Handling Null Values — Pandas vs Polars
Published:
• Last updated:
• By Jeferson Peter
Polars & Pandas
Imagine you’re working with a dataset that has missing values for some columns.
How do you clean or fill them?

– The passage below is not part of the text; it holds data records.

lemma Gamma_zero: "0 \<in> Gamma"
  using Gamma.add[OF Gamma.one Gamma.neg[OF Gamma.one]] by simp

lemma commut_var_var_Gamma: "commut (var k) (var i) \<in> Gamma"
  using Gamma.gen[of "[k, i]"] by simp

lemma commut_var_Gamma: "g \<in> Gamma \<Longrightarrow> commut g (var k) \<in> Gamma"
proof (induction rule: Gamma.induct)
  case one
  then show ?case by (simp add: commut_def Gamma_zero)
next
  case (gen "is")
  then show ?case
    using Gamma.gen[of "is @ [k]"] lcomm_snoc[of "is" k] by fastforce
next
  case (add a b)
  have "commut (a + b) (var k) = commut a (var k) + commut b (var k)"
    by (simp add: commut_def algebra_simps)
  then show ?case using add Gamma.add by simp
next
  case (neg a)
  have "commut (- a) (var k) = - commut a (var k)"
    by (simp add: commut_def algebra_simps)
  then show ?case using neg Gamma.neg by simp
next
  case (mult a b)
  have "commut (a * b) (var k) = a * commut b (var k) + commut a (var k) * b"
    by (simp add: commut_def algebra_simps)
  then show ?case using mult Gamma.add Gamma.mult by simp
qed

section \<open>Straightening into sorted expansions\<close>

inductive_set pbw_span :: "nat \<Rightarrow> nat \<Rightarrow> freering set" for n m where
  zero: "0 \<in> pbw_span n m"
| gen: "sorted is \<Longrightarrow> length is \<le> n \<Longrightarrow> \<forall>j\<in>set is. m \<le> j \<Longrightarrow> g \<in> Gamma
        \<Longrightarrow> mon is * g \<in> pbw_span n m"
| add: "a \<in> pbw_span n m \<Longrightarrow> b \<in> pbw_span n m \<Longrightarrow> a + b \<in> pbw_span n m"

lemma pbw_span_mono: "a \<in> pbw_span n m \<Longrightarrow> n \<le> n' \<Longrightarrow> m' \<le> m \<Longrightarrow> a \<in> pbw_span n' m'"
  by (induction rule: pbw_span.induct) (auto intro: pbw_span.zero pbw_span.add intro!: pbw_span.gen)

lemma pbw_span_mult_Gamma: "a \<in> pbw_span n m \<Longrightarrow> g \<in> Gamma \<Longrightarrow> a * g \<in> pbw_span n m"
  by (induction rule: pbw_span.induct)
     (auto simp: mult.assoc distrib_right intro: pbw_span.intros Gamma.mult)

lemma var_mult_pbw_span_prepend:
  "a \<in> pbw_span n i \<Longrightarrow> m \<le> i \<Longrightarrow> var i * a \<in> pbw_span (Suc n) m"
proof (induction rule: pbw_span.induct)
  case (gen "is" g)
  have "mon (i # is) * g \<in> pbw_span (Suc n) m"
    using gen by (intro pbw_span.gen) auto
  then show ?case by (simp add: mon_Cons mult.assoc)
qed (auto simp: distrib_left intro: pbw_span.intros)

Pandas and Polars provide simple tools to handle nulls.
Example data
import pandas as pd
import polars as pl
import numpy as np
data = {"name": ["Alice", "Bob", None], "score": [10, None, 30]}
df_pd = pd.DataFrame(data)
df_pl = pl.DataFrame(data)
Dropping nulls
# Pandas
print(df_pd.dropna())
# name score
# 0 Alice 10.0
# 2 None 30.0
# Polars
print(df_pl.drop_nulls())
# shape: (1, 2)
# ┌───────┬───────┐
# │ name ┆ score │
# │ --- ┆ --- │
# │ str ┆ i64 │
# ╞═══════╪═══════╡
# │ Alice ┆ 10 │
# └───────┴───────┘
Filling nulls
# Pandas
print(df_pd.fillna({"name": "Unknown", "score": 0}))
# name score
# 0 Alice 10.0
# 1 Bob 0.0
# 2 Unknown 30.0
# Polars
print(df_pl.fill_null(strategy="forward"))
# shape: (3, 2)
# ┌───────┬───────┐
# │ name ┆ score │
# │ --- ┆ --- │
# │ str ┆ i64 │
# ╞═══════╪═══════╡
# │ Alice ┆ 10 │
# │ Bob ┆ 10 │
# │ Bob ┆ 30 │
# └───────┴───────┘
Conclusion
- Pandas:
dropna()
,fillna()
are the main methods. - Polars:
drop_nulls()
,fill_null()
provide similar functionality. - Both give flexible options to handle missing values efficiently.